**DESCRIPTION OF THE TASK**. Only the lines from the top of the data through the one with "polygon_length g xs +" are to be written out, each exactly as it stands.

**DATA SUPPLIED**.
-------------------------
lemma polygon_length_insert_le:
  "polygon_length g (xs @ ys) \<le> polygon_length g (xs @ [m]) + polygon_length g (m # ys)"
proof (cases "xs = [] \<or> ys = []")
  case True
  then show ?thesis
    using polygon_length_Cons_ge[of g ys m] polygon_length_snoc_ge[of g xs m]
      polygon_length_nonneg[of g "xs @ [m]"] polygon_length_nonneg[of g "m # ys"]
    by auto
next
  case False
  then have "polygon_length g (xs @ ys) \<le>
      polygon_length g xs + dist (g (last xs)) (g m) + (dist (g m) (g (hd ys)) + polygon_length g ys)"
    using dist_triangle[of "g (last xs)" "g (hd ys)" "g m"] by (simp add: polygon_length_append)
  also have "\<dots> = polygon_length g (xs @ [m]) + polygon_length g (m # ys)"
    using False by (cases ys) (simp_all add: polygon_length_append)
  finally show ?thesis .
qed

lemma polygon_length_const: "set ys \<subseteq> {p} \<Longrightarrow> polygon_length g ys = 0"
  by (induction ys rule: induct_list012) auto

lemma polygon_length_const_snoc:
  "set ys \<subseteq> {p} \<Longrightarrow> polygon_length g (ys @ [c]) \<le> dist (g p) (g c)"
proof (cases "ys = []")
  case False
  moreover assume "set ys \<subseteq> {p}"
  moreover from calculation have "last ys = p"
    using last_in_set by blast
  ultimately show ?thesis
    by (simp add: polygon_length_append polygon_length_const)
qed simp

lemma polygon_length_map:
  "(\<And>x. x \<in> set ys \<Longrightarrow> \<sigma> (f x) = g x) \<Longrightarrow> polygon_length \<sigma> (map f ys) = polygon_length g ys"
  by (induction ys rule: induct_list012) auto

lemma polygon_length_rev: "polygon_length g (rev xs) = polygon_length g xs"
proof (induction xs)
  case (Cons x xs)
  show ?case
  proof (cases "xs = []")
    case False
    then have "polygon_length g (rev xs @ [x]) = polygon_length g (rev xs) + dist (g (hd xs)) (g x)"
      using polygon_length_append[of "rev xs" "[x]" g] by (simp add: last_rev)
    with False show ?thesis
      using Cons.IH by (cases xs) (simp_all add: dist_commute)
  qed simp
qed simp

lemma polygon_length_le_lipschitz:
  assumes "C-lipschitz_on {a..b} g" and "xs \<in> partitions a b"
  shows "polygon_length g xs \<le> C * (b - a)"
proof -
  have "polygon_length g xs \<le> C * (last xs - hd xs)"
    if "sorted xs" "set xs \<subseteq> {a..b}" "xs \<noteq> []" for xs
    using that
  proof (induction xs rule: induct_list012)
    case (3 x y zs)
    have "dist (g x) (g y) \<le> C * dist x y"
      using 3 by (intro lipschitz_onD[OF assms(1)]) auto
    then show ?case
      using 3 by (simp add: dist_real_def algebra_simps)
  qed simp_all
  moreover have "last xs \<in> {a..b}" "hd xs \<in> {a..b}"
    using assms(2) hd_in_set[of xs] last_in_set[of xs] unfolding partitions_def by blast+
  then have "C * (last xs - hd xs) \<le> C * (b - a)"
    using lipschitz_on_nonneg[OF assms(1)] by (intro mult_left_mono) auto
  ultimately show ?thesis
    using assms(2) unfolding partitions_def by fastforce
qed

lemma partitions_mono: "a \<le> a' \<Longrightarrow> b' \<le> b \<Longrightarrow> partitions a' b' \<subseteq> partitions a b"
  unfolding partitions_def by auto

lemma two_point_partition: "a \<le> b \<Longrightarrow> [a, b] \<in> partitions a b"
  unfolding partitions_def by auto

lemma partitions_imp_le:
  assumes "xs \<in> partitions a b"
  shows "a \<le> b"
proof -
  have "hd xs \<in> {a..b}"
    using assms hd_in_set unfolding partitions_def by blast
  then show ?thesis by simp
qed

lemma partitions_nth_bounds:
  assumes "xs \<in> partitions a b" "Suc i < length xs"
  shows "a \<le> xs ! i" "xs ! i \<le> xs ! Suc i" "xs ! Suc i \<le> b"
proof -
  have "xs ! i \<in> set xs" "xs ! Suc i \<in> set xs"
    using assms(2) by simp_all
  then show "a \<le> xs ! i" "xs ! Suc i \<le> b"
    using assms(1) unfolding partitions_def by auto
  show "xs ! i \<le> xs ! Suc i"
    using assms unfolding partitions_def by (simp add: sorted_iff_nth_Suc)
qed

lemma partitions_pad:
  assumes "xs \<in> partitions a b"
  shows "a # xs @ [b] \<in> partitions a b"
proof -
  have "set xs \<subseteq> {a..b}" "sorted xs"
    using assms unfolding partitions_def by auto
  then show ?thesis
    using partitions_imp_le[OF assms] unfolding partitions_def by (auto simp: sorted_append)
qed

lemma partitions_append:
  assumes "xs \<in> partitions a m" "ys \<in> partitions m c"
  shows "xs @ ys \<in> partitions a c"
proof -
  have xs: "sorted xs" "set xs \<subseteq> {a..m}" "xs \<noteq> []" and ys: "sorted ys" "set ys \<subseteq> {m..c}"
    using assms unfolding partitions_def by auto
  have "a \<le> m" "m \<le> c"
    using partitions_imp_le assms by blast+
  then have "set xs \<subseteq> {a..c}" "set ys \<subseteq> {a..c}"
    using xs ys by auto
  moreover have "x \<le> y" if "x \<in> set xs" "y \<in> set ys" for x y
  proof -
    have "x \<le> m" "m \<le> y" using xs ys that by auto
    then show ?thesis by linarith
  qed
  ultimately show ?thesis
    using xs ys unfolding partitions_def by (simp add: sorted_append)
qed

lemma sorted_dropWhile_le_gt:
  "sorted xs \<Longrightarrow> x \<in> set (dropWhile (\<lambda>x. x \<le> (m::real)) xs) \<Longrightarrow> m < x"
  by (induction xs) (auto split: if_splits)

lemma takeWhile_snoc_in_partitions:
  assumes "xs \<in> partitions a c" "a \<le> m"
  shows "takeWhile (\<lambda>x. x \<le> m) xs @ [m] \<in> partitions a m"
proof -
  have "sorted xs" "set xs \<subseteq> {a..c}"
    using assms unfolding partitions_def by auto
  then have "sorted (takeWhile (\<lambda>x. x \<le> m) xs)" "set (takeWhile (\<lambda>x. x \<le> m) xs) \<subseteq> {a..m}"
    using sorted_takeWhile set_takeWhileD[of _ "\<lambda>x. x \<le> m" xs] by fastforce+
  then show ?thesis
    using assms(2) unfolding partitions_def by (auto simp: sorted_append)
qed

lemma dropWhile_Cons_in_partitions:
  assumes "xs \<in> partitions a c" "m \<le> c"
  shows "m # dropWhile (\<lambda>x. x \<le> m) xs \<in> partitions m c"
proof -
  have "sorted xs" "set xs \<subseteq> {a..c}"
    using assms unfolding partitions_def by auto
  then have "sorted (dropWhile (\<lambda>x. x \<le> m) xs)" "\<forall>x\<in>set (dropWhile (\<lambda>x. x \<le> m) xs). m < x \<and> x \<le> c"
    using sorted_dropWhile set_dropWhileD[of _ "\<lambda>x. x \<le> m" xs] sorted_dropWhile_le_gt by fastforce+
  then show ?thesis
    using assms(2) unfolding partitions_def by fastforce
qed

lemma partitions_reflect: "xs \<in> partitions a b \<Longrightarrow> rev (map uminus xs) \<in> partitions (- b) (- a)"
  unfolding partitions_def by (auto simp: sorted_wrt_rev sorted_wrt_map)

lemma polygon_length_le_curve_length:
  "xs \<in> partitions a b \<Longrightarrow> ereal (polygon_length g xs) \<le> curve_length g a b"
  unfolding curve_length_conv_partitions by (rule SUP_upper)

lemma curve_length_le:
  "(\<And>xs. xs \<in> partitions a b \<Longrightarrow> polygon_length g xs \<le> M) \<Longrightarrow> curve_length g a b \<le> ereal M"
  unfolding curve_length_conv_partitions by (rule SUP_least) simp

lemma curve_length_mono: "a \<le> a' \<Longrightarrow> b' \<le> b \<Longrightarrow> curve_length g a' b' \<le> curve_length g a b"
  unfolding curve_length_conv_partitions by (rule SUP_subset_mono[OF partitions_mono]) auto

lemma curve_length_nonneg: "a \<le> b \<Longrightarrow> 0 \<le> curve_length g a b"
  using polygon_length_le_curve_length[OF two_point_partition, of a b g]
    polygon_length_nonneg[of g "[a, b]"]
  by (simp add: order_trans[rotated])

lemma curve_length_reflect: "curve_length (\<lambda>t. g (- t)) (- b) (- a) = curve_length g a b"
proof -
  let ?r = "\<lambda>xs. rev (map uminus xs) :: real list"
  have "partitions (- b) (- a) = ?r ` partitions a b"
  proof
    show "?r ` partitions a b \<subseteq> partitions (- b) (- a)"
      using partitions_reflect by blast
    show "partitions (- b) (- a) \<subseteq> ?r ` partitions a b"
    proof
      fix ys assume "ys \<in> partitions (- b) (- a)"
      then show "ys \<in> ?r ` partitions a b"
        using partitions_reflect[of ys "- b" "- a"] by (intro image_eqI[of _ _ "?r ys"]) (auto simp: rev_map)
    qed
  qed
  moreover have "polygon_length (\<lambda>t. g (- t)) (?r xs) = polygon_length g xs" for xs
    by (simp add: polygon_length_rev polygon_length_map)
  ultimately show ?thesis
    unfolding curve_length_conv_partitions by (simp add: image_comp)
qed

section \<open>Arc length\<close>

definition finite_length :: "(real \<Rightarrow> 'a::metric_space) \<Rightarrow> real \<Rightarrow> real \<Rightarrow> bool" where
  "finite_length g a b \<longleftrightarrow> a \<le> b \<and> curve_length g a b < \<infinity>"

text \<open>Only meaningful under \<open>finite_length\<close>: \<open>real_of_ereal\<close> sends both infinities to \<open>0\<close>.\<close>
definition arc_length :: "(real \<Rightarrow> 'a::metric_space) \<Rightarrow> real \<Rightarrow> real \<Rightarrow> real" where
  "arc_length g a b = real_of_ereal (curve_length g a b)"

lemma finite_length_subinterval:
  "finite_length g a b \<Longrightarrow> a \<le> u \<Longrightarrow> u \<le> v \<Longrightarrow> v \<le> b \<Longrightarrow> finite_length g u v"
  unfolding finite_length_def using curve_length_mono[of a u v b g] by auto

lemma curve_length_eq_arc_length:
  "finite_length g a b \<Longrightarrow> curve_length g a b = ereal (arc_length g a b)"
  unfolding finite_length_def arc_length_def using curve_length_nonneg[of a b g]
  by (cases "curve_length g a b") auto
-------------------------
**ANSWER TO THE EXERCISE**.
lemma polygon_length_insert_le:
  "polygon_length g (xs @ ys) \<le> polygon_length g (xs @ [m]) + polygon_length g (m # ys)"
proof (cases "xs = [] \<or> ys = []")
  case True
  then show ?thesis
    using polygon_length_Cons_ge[of g ys m] polygon_length_snoc_ge[of g xs m]
      polygon_length_nonneg[of g "xs @ [m]"] polygon_length_nonneg[of g "m # ys"]
    by auto
next
  case False
  then have "polygon_length g (xs @ ys) \<le>
      polygon_length g xs + dist (g (last xs)) (g m) + (dist (g m) (g (hd ys)) + polygon_length g ys)"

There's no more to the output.